(Input material Opens)
(* Let $D\ge1$ and consider the linear network $f_\theta(x)=W_D\cdots W_1x$ with $W_k\in\mathbb{R}^{d_{k+1}\times d_k}$, $d_1=d_x$, $d_{D+1}=d_y$, and loss $\ell(x,y,\theta)=\frac12\|y-W_D\cdots W_1x\|^2$, where $x$ has second-moment matrix $\Sigma_x=\mathbb{E}[xx^T]$. Let $T(\theta)=\mathrm{Tr}\,\mathbb{E}_{x,y}[\nabla_\theta^2\ell(x,y,\theta)]$. Suppose the entries of the weight matrices are independent, with entries of $W_k$ distributed as $\mathcal{N}(0,\sigma_k^2)$. Then the expected sharpness at initialization is $$\mathbb{E}[T(\theta)]=d_y\Big(\prod_{k=2}^Dd_k\Big)\mathrm{Tr}[\Sigma_x]\sum_{k=1}^D\prod_{j\ne k}\sigma_j^2,$$ where the expectation is over the random initialization. In particular, if $\sigma_k^2=\sigma^2$ and $d_k=d$ for all $k$, then $\mathbb{E}[T(\theta)]=D\,d_y\,\mathrm{Tr}[\Sigma_x](d\sigma^2)^{D-1}$.
   Context: The product $\prod_{j\neq k}$ ranges over $j\in\{1,\dots,D\}\setminus\{k\}$. *)

theory Defs
  imports "HOL-Probability.Probability"
begin

text \<open>Parameters: theta k i j is the (i,j) entry of W_k (k = 1..D, i < d (k+1), j < d k).
  Dimensions: d :: nat => nat, with d_x = d 1 and d_y = d (D+1).\<close>

fun layer_out :: "(nat \<Rightarrow> nat) \<Rightarrow> (nat \<Rightarrow> nat \<Rightarrow> nat \<Rightarrow> real) \<Rightarrow> nat \<Rightarrow> (nat \<Rightarrow> real) \<Rightarrow> nat \<Rightarrow> real" where
  "layer_out d \<theta> 0 x = x"
| "layer_out d \<theta> (Suc k) x = (\<lambda>i. \<Sum>j<d (Suc k). \<theta> (Suc k) i j * layer_out d \<theta> k x j)"

definition net :: "(nat \<Rightarrow> nat) \<Rightarrow> nat \<Rightarrow> (nat \<Rightarrow> nat \<Rightarrow> nat \<Rightarrow> real) \<Rightarrow> (nat \<Rightarrow> real) \<Rightarrow> nat \<Rightarrow> real" where
  "net d D \<theta> x = layer_out d \<theta> D x"

definition loss :: "(nat \<Rightarrow> nat) \<Rightarrow> nat \<Rightarrow> (nat \<Rightarrow> real) \<Rightarrow> (nat \<Rightarrow> real) \<Rightarrow> (nat \<Rightarrow> nat \<Rightarrow> nat \<Rightarrow> real) \<Rightarrow> real" where
  "loss d D x y \<theta> = 1/2 * (\<Sum>i<d (Suc D). (y i - net d D \<theta> x i)\<^sup>2)"

definition param_idx :: "(nat \<Rightarrow> nat) \<Rightarrow> nat \<Rightarrow> (nat \<times> nat \<times> nat) set" where
  "param_idx d D = {(k, i, j). k \<in> {1..D} \<and> i < d (Suc k) \<and> j < d k}"

definition perturb :: "(nat \<Rightarrow> nat \<Rightarrow> nat \<Rightarrow> real) \<Rightarrow> nat \<times> nat \<times> nat \<Rightarrow> real \<Rightarrow> nat \<Rightarrow> nat \<Rightarrow> nat \<Rightarrow> real" where
  "perturb \<theta> p t = (\<lambda>k i j. if (k, i, j) = p then \<theta> k i j + t else \<theta> k i j)"

text \<open>T(theta) = Tr E_{x,y}[Hessian of the loss]: the sum over all parameters of the
  expected diagonal second partial derivatives.\<close>
definition sharpness :: "(nat \<Rightarrow> nat) \<Rightarrow> nat \<Rightarrow> ((nat \<Rightarrow> real) \<times> (nat \<Rightarrow> real)) measure
    \<Rightarrow> (nat \<Rightarrow> nat \<Rightarrow> nat \<Rightarrow> real) \<Rightarrow> real" where
  "sharpness d D M \<theta> = (\<Sum>p\<in>param_idx d D.
      \<integral>xy. deriv (deriv (\<lambda>t. loss d D (fst xy) (snd xy) (perturb \<theta> p t))) 0 \<partial>M)"

end

theory Submission
  imports Defs
begin

text \<open>
  Write \<open>B = W\<^sub>k\<^sub>-\<^sub>1 \<cdots> W\<^sub>1\<close> and \<open>A = W\<^sub>D \<cdots> W\<^sub>k\<^sub>+\<^sub>1\<close>. Perturbing the single weight \<open>(k, i, j)\<close>
  by \<open>t\<close> moves the output by \<open>t (B x)\<^sub>j A e\<^sub>i\<close>, so the loss is quadratic in \<open>t\<close> with second
  derivative \<open>(B x)\<^sub>j\<^sup>2 \<parallel>A e\<^sub>i\<parallel>\<^sup>2\<close>. Averaging over \<open>x\<close> and summing over \<open>j\<close> gives
  \<open>\<parallel>A e\<^sub>i\<parallel>\<^sup>2 \<langle>\<Sigma>\<^sub>x, B\<^sup>T B\<rangle>\<close>. The two factors are functions of disjoint sets of layers, hence
  independent, and for a product of independent centred Gaussian layers
  \<open>E\<langle>A u, A v\<rangle> = (\<Prod>\<^sub>l d\<^sub>l\<^sub>+\<^sub>1 \<sigma>\<^sub>l\<^sup>2) \<langle>u, v\<rangle>\<close>, by induction on the number of layers from
  \<open>E[W\<^sub>b\<^sub>c W\<^sub>b\<^sub>c\<^sub>'] = \<sigma>\<^sup>2 \<delta>\<^sub>c\<^sub>c\<^sub>'\<close>.
\<close>

section \<open>Partial products of layers\<close>

fun partial_net :: "(nat \<Rightarrow> nat) \<Rightarrow> (nat \<Rightarrow> nat \<Rightarrow> nat \<Rightarrow> real) \<Rightarrow> nat \<Rightarrow> nat \<Rightarrow> (nat \<Rightarrow> real) \<Rightarrow> nat \<Rightarrow> real"
  where
  "partial_net d \<theta> k 0 v = v"
| "partial_net d \<theta> k (Suc m) v =
     (if Suc m \<le> k then v else (\<lambda>i. \<Sum>j<d (Suc m). \<theta> (Suc m) i j * partial_net d \<theta> k m v j))"

definition partial_gram :: "(nat \<Rightarrow> nat) \<Rightarrow> (nat \<Rightarrow> nat \<Rightarrow> nat \<Rightarrow> real) \<Rightarrow> nat \<Rightarrow> nat
    \<Rightarrow> (nat \<Rightarrow> real) \<Rightarrow> (nat \<Rightarrow> real) \<Rightarrow> real" where
  "partial_gram d \<theta> k m u v = (\<Sum>c<d (Suc m). partial_net d \<theta> k m u c * partial_net d \<theta> k m v c)"

definition unit_vec :: "nat \<Rightarrow> nat \<Rightarrow> real" where
  "unit_vec i = (\<lambda>c. if c = i then 1 else 0)"

lemma partial_net_below: "m \<le> k \<Longrightarrow> partial_net d \<theta> k m v = v"
  by (induction m) auto

lemma partial_net_Suc:
  "k \<le> m \<Longrightarrow> partial_net d \<theta> k (Suc m) v = (\<lambda>i. \<Sum>j<d (Suc m). \<theta> (Suc m) i j * partial_net d \<theta> k m v j)"
  by simp

declare partial_net.simps(2) [simp del]

lemma layer_out_eq_partial_net: "layer_out d \<theta> m x = partial_net d \<theta> 0 m x"
  by (induction m) (auto simp: partial_net_Suc)

lemma partial_net_linear:
  assumes "k \<le> m" and "m = k \<Longrightarrow> c < d (Suc k)"
  shows "partial_net d \<theta> k m v c = (\<Sum>b<d (Suc k). v b * partial_net d \<theta> k m (unit_vec b) c)"
  using assms
proof (induction m arbitrary: c rule: dec_induct)
  case base
  then show ?case by (simp add: partial_net_below unit_vec_def if_distrib cong: if_cong)
next
  case (step m)
  have "partial_net d \<theta> k m v j = (\<Sum>b<d (Suc k). v b * partial_net d \<theta> k m (unit_vec b) j)"
    if "j < d (Suc m)" for j
    using step.IH that by blast
  then have "partial_net d \<theta> k (Suc m) v c
      = (\<Sum>j<d (Suc m). \<theta> (Suc m) c j * (\<Sum>b<d (Suc k). v b * partial_net d \<theta> k m (unit_vec b) j))"
    using step.hyps by (simp add: partial_net_Suc)
  also have "\<dots> = (\<Sum>b<d (Suc k). v b * (\<Sum>j<d (Suc m). \<theta> (Suc m) c j * partial_net d \<theta> k m (unit_vec b) j))"
    by (simp add: sum_distrib_left mult_ac sum.swap[of _ "{..<d (Suc m)}"])
  finally show ?case using step.hyps by (simp add: partial_net_Suc)
qed

lemma partial_net_mult_Suc:
  assumes "k \<le> n"
  shows "partial_net d \<theta> k (Suc n) u b * partial_net d \<theta> k (Suc n) v b'
    = (\<Sum>c<d (Suc n). \<Sum>c'<d (Suc n).
        \<theta> (Suc n) b c * \<theta> (Suc n) b' c' * (partial_net d \<theta> k n u c * partial_net d \<theta> k n v c'))"
  using assms by (simp add: partial_net_Suc sum_product mult_ac)

lemma sum_unit_vec_mult:
  "(\<Sum>c<n. unit_vec a c * unit_vec b c) = (if a = b \<and> a < n then 1 else 0)"
proof -
  have "(\<Sum>c<n. unit_vec a c * unit_vec b c) = (\<Sum>c<n. if c = a then (if a = b then 1 else 0) else 0)"
    by (intro sum.cong) (auto simp: unit_vec_def)
  then show ?thesis by simp
qed

section \<open>The loss along a single coordinate\<close>

lemma layer_out_perturb_below:
  "m < k \<Longrightarrow> layer_out d (perturb \<theta> (k, i, j) t) m x = layer_out d \<theta> m x"
  by (induction m) (auto simp: perturb_def)

lemma layer_out_perturb:
  assumes "(k, i, j) \<in> param_idx d D" and "k \<le> m"
  shows "layer_out d (perturb \<theta> (k, i, j) t) m x
    = (\<lambda>c. layer_out d \<theta> m x c + t * layer_out d \<theta> (k - 1) x j * partial_net d \<theta> k m (unit_vec i) c)"
  using assms(2)
proof (induction m rule: dec_induct)
  case base
  obtain k' where k': "k = Suc k'" and j: "j < d k"
    using assms(1) by (auto simp: param_idx_def dest: Suc_le_D)
  have below: "layer_out d (perturb \<theta> (k, i, j) t) k' x = layer_out d \<theta> k' x"
    using k' by (simp add: layer_out_perturb_below)
  have "(\<Sum>j'<d k. (\<theta> k c j' + (if c = i \<and> j' = j then t else 0)) * layer_out d \<theta> k' x j')
      = layer_out d \<theta> k x c + t * layer_out d \<theta> k' x j * unit_vec i c" for c
  proof -
    have "(\<Sum>j'<d k. (if c = i \<and> j' = j then t else 0) * layer_out d \<theta> k' x j')
        = (\<Sum>j'<d k. if j' = j then t * layer_out d \<theta> k' x j * unit_vec i c else 0)"
      by (intro sum.cong) (auto simp: unit_vec_def)
    then show ?thesis using j k' by (simp add: distrib_right sum.distrib)
  qed
  moreover have "perturb \<theta> (k, i, j) t k c j' = \<theta> k c j' + (if c = i \<and> j' = j then t else 0)" for c j'
    by (simp add: perturb_def)
  ultimately show ?case
    using below by (simp add: k' partial_net_below)
next
  case (step m)
  then show ?case
    by (simp add: perturb_def partial_net_Suc distrib_left sum.distrib sum_distrib_left mult_ac)
qed

lemma deriv2_quadratic: "deriv (deriv (\<lambda>t::real. \<alpha> + \<beta> * t + \<gamma> * t\<^sup>2)) 0 = 2 * \<gamma>"
proof -
  have "deriv (\<lambda>t::real. \<alpha> + \<beta> * t + \<gamma> * t\<^sup>2) = (\<lambda>t. \<beta> + 2 * \<gamma> * t)"
    by (intro ext DERIV_imp_deriv) (auto intro!: derivative_eq_intros)
  moreover have "deriv (\<lambda>t::real. \<beta> + 2 * \<gamma> * t) 0 = 2 * \<gamma>"
    by (rule DERIV_imp_deriv) (auto intro!: derivative_eq_intros)
  ultimately show ?thesis by simp
qed

lemma deriv2_loss_perturb:
  assumes "(k, i, j) \<in> param_idx d D"
  shows "deriv (deriv (\<lambda>t. loss d D x y (perturb \<theta> (k, i, j) t))) 0
    = (layer_out d \<theta> (k - 1) x j)\<^sup>2 * partial_gram d \<theta> k D (unit_vec i) (unit_vec i)"
proof -
  define h where "h = layer_out d \<theta> (k - 1) x j"
  define g where "g = partial_net d \<theta> k D (unit_vec i)"
  define r where "r c = y c - net d D \<theta> x c" for c
  have "loss d D x y (perturb \<theta> (k, i, j) t)
      = 1/2 * (\<Sum>c<d (Suc D). (r c)\<^sup>2) + (- (\<Sum>c<d (Suc D). r c * h * g c)) * t
        + (1/2 * (\<Sum>c<d (Suc D). (h * g c)\<^sup>2)) * t\<^sup>2" for t
  proof -
    have "loss d D x y (perturb \<theta> (k, i, j) t) = 1/2 * (\<Sum>c<d (Suc D). (r c - t * h * g c)\<^sup>2)"
      using assms by (simp add: loss_def net_def layer_out_perturb[OF assms] param_idx_def r_def
          h_def g_def diff_diff_eq)
    also have "\<dots> = 1/2 * (\<Sum>c<d (Suc D). (r c)\<^sup>2 - 2 * t * (r c * h * g c) + t\<^sup>2 * (h * g c)\<^sup>2)"
      by (simp add: power2_eq_square algebra_simps)
    finally show ?thesis
      by (simp add: sum.distrib sum_subtractf sum_distrib_left sum_distrib_right algebra_simps)
  qed
  note quadratic = this
  show ?thesis
    unfolding quadratic deriv2_quadratic
    by (simp add: partial_gram_def h_def g_def sum_distrib_left power2_eq_square mult_ac)
qed

lemma integrable_mult_of_square_integrable:
  fixes f g :: "'a \<Rightarrow> real"
  assumes "f \<in> borel_measurable M" "g \<in> borel_measurable M"
    and "integrable M (\<lambda>x. (f x)\<^sup>2)" "integrable M (\<lambda>x. (g x)\<^sup>2)"
  shows "integrable M (\<lambda>x. f x * g x)"
proof (rule Bochner_Integration.integrable_bound)
  show "integrable M (\<lambda>x. (f x)\<^sup>2 + (g x)\<^sup>2)"
    using assms by auto
  have "\<bar>f x * g x\<bar> \<le> (f x)\<^sup>2 + (g x)\<^sup>2" for x
  proof -
    have "\<bar>f x * g x\<bar> \<le> 2 * (\<bar>f x\<bar> * \<bar>g x\<bar>)"
      by (simp add: abs_mult)
    also have "\<dots> \<le> (f x)\<^sup>2 + (g x)\<^sup>2"
      using sum_squares_bound[of "\<bar>f x\<bar>" "\<bar>g x\<bar>"] by (simp add: mult.assoc)
    finally show ?thesis .
  qed
  then show "AE x in M. norm (f x * g x) \<le> norm ((f x)\<^sup>2 + (g x)\<^sup>2)"
    by simp
qed (use assms in auto)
(Input material Closes)
▶ _Prompt_
The answer is the run of lines above from the line containing "Context: The product" through the line containing "d \<theta> 0 x", copied exactly and alone.

▶ _Solution for this exercise_
   Context: The product $\prod_{j\neq k}$ ranges over $j\in\{1,\dots,D\}\setminus\{k\}$. *)

theory Defs
  imports "HOL-Probability.Probability"
begin

text \<open>Parameters: theta k i j is the (i,j) entry of W_k (k = 1..D, i < d (k+1), j < d k).
  Dimensions: d :: nat => nat, with d_x = d 1 and d_y = d (D+1).\<close>

fun layer_out :: "(nat \<Rightarrow> nat) \<Rightarrow> (nat \<Rightarrow> nat \<Rightarrow> nat \<Rightarrow> real) \<Rightarrow> nat \<Rightarrow> (nat \<Rightarrow> real) \<Rightarrow> nat \<Rightarrow> real" where
  "layer_out d \<theta> 0 x = x"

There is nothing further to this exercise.